→ Exercise description: In the data below, find the line that contains "A \<Longrightarrow> lincomb" and the line that contains "A \<Longrightarrow> i". Copy both, plus every line between them, exactly.

Stored items
***

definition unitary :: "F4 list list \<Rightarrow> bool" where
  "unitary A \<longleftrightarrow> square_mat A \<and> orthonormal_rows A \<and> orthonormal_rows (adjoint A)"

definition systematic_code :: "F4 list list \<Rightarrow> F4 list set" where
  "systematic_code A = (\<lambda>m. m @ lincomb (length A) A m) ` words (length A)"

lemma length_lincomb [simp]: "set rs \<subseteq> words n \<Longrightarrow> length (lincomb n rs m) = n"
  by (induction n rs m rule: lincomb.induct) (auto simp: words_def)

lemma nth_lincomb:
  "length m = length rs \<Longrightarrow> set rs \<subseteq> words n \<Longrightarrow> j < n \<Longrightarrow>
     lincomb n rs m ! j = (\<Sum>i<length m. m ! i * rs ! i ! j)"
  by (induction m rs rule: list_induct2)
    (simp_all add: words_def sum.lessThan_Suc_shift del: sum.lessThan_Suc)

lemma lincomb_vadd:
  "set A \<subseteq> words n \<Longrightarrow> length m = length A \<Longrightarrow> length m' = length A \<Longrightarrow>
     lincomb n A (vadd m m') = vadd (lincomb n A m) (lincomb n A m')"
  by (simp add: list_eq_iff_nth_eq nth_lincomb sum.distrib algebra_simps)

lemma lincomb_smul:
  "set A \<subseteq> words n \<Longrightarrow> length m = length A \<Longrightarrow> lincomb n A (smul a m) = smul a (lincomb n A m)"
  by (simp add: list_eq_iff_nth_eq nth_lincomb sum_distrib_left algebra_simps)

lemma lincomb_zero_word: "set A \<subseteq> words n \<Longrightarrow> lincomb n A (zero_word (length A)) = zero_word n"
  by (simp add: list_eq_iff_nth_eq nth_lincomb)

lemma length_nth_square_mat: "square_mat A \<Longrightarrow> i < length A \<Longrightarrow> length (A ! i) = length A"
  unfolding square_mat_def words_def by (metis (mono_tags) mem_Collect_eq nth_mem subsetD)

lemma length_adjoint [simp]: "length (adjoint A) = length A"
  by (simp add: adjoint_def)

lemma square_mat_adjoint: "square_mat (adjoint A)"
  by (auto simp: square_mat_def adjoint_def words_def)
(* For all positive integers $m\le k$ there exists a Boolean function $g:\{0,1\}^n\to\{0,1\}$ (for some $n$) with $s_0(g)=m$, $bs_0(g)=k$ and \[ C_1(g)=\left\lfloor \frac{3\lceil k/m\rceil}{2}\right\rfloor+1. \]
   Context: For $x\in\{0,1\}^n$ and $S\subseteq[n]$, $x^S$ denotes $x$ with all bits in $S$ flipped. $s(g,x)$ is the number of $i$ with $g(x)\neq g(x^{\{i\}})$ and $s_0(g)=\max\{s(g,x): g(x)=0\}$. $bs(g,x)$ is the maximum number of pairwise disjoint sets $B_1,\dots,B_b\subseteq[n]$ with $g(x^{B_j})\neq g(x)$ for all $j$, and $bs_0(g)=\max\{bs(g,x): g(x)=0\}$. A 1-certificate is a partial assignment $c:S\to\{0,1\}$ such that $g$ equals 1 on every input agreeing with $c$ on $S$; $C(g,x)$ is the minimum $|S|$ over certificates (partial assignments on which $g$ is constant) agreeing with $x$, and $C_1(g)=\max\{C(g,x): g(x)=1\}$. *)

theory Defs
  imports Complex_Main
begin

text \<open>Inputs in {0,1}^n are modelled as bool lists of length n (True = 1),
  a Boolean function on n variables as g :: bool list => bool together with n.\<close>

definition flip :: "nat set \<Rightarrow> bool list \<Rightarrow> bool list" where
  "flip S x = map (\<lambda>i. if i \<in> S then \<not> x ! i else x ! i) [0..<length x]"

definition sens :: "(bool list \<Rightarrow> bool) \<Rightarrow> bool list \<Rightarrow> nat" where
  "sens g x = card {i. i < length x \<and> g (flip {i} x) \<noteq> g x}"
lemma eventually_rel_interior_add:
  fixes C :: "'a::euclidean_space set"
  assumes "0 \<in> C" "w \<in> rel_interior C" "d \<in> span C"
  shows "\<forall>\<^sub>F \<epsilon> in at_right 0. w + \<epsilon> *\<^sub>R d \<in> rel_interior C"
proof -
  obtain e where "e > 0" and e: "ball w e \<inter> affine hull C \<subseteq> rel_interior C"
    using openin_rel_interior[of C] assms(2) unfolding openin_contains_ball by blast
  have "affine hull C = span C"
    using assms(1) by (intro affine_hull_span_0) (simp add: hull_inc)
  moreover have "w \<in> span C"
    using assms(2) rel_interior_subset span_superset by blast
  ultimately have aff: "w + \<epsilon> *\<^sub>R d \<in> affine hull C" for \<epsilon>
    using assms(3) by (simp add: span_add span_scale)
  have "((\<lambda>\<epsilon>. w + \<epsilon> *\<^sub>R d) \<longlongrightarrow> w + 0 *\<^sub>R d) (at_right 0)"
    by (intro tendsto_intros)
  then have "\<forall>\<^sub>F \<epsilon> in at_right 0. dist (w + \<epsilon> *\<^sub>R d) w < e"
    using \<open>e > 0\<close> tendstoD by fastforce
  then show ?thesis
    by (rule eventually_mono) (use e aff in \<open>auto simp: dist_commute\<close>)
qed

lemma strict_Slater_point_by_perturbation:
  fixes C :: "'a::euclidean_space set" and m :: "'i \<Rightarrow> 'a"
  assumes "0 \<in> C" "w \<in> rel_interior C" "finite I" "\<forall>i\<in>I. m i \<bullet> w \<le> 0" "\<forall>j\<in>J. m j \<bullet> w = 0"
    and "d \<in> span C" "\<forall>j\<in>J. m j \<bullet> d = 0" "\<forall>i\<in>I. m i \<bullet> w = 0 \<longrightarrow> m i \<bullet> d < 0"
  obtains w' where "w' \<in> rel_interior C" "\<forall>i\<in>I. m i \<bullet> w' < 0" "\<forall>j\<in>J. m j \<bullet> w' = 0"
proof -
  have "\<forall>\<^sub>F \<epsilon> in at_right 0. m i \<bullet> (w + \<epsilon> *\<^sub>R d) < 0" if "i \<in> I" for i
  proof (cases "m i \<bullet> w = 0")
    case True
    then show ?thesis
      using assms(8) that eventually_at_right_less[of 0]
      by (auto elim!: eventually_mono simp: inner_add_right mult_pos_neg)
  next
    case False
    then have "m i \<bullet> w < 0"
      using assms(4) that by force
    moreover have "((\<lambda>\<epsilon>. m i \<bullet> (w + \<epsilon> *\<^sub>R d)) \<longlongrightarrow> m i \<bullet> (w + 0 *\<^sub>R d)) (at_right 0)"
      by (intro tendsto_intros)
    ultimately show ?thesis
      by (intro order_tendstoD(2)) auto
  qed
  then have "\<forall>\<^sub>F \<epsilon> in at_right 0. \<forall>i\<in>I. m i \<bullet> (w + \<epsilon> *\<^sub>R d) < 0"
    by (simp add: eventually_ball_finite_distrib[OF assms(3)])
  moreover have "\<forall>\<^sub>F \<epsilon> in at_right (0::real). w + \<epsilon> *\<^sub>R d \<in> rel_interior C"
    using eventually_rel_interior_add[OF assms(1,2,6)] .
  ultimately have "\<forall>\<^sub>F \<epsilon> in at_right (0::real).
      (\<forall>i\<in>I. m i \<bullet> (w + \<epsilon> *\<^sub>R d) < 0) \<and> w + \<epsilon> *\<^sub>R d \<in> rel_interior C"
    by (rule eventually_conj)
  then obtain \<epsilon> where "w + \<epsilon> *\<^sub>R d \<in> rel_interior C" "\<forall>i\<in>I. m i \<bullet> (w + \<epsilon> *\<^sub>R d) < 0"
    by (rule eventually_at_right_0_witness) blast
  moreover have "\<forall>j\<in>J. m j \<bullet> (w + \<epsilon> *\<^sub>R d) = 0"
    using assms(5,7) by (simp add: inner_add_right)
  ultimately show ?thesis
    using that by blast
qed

***

→ Answer to the problem:
  "set A \<subseteq> words n \<Longrightarrow> length m = length A \<Longrightarrow> lincomb n A (smul a m) = smul a (lincomb n A m)"
  by (simp add: list_eq_iff_nth_eq nth_lincomb sum_distrib_left algebra_simps)

lemma lincomb_zero_word: "set A \<subseteq> words n \<Longrightarrow> lincomb n A (zero_word (length A)) = zero_word n"
  by (simp add: list_eq_iff_nth_eq nth_lincomb)

lemma length_nth_square_mat: "square_mat A \<Longrightarrow> i < length A \<Longrightarrow> length (A ! i) = length A"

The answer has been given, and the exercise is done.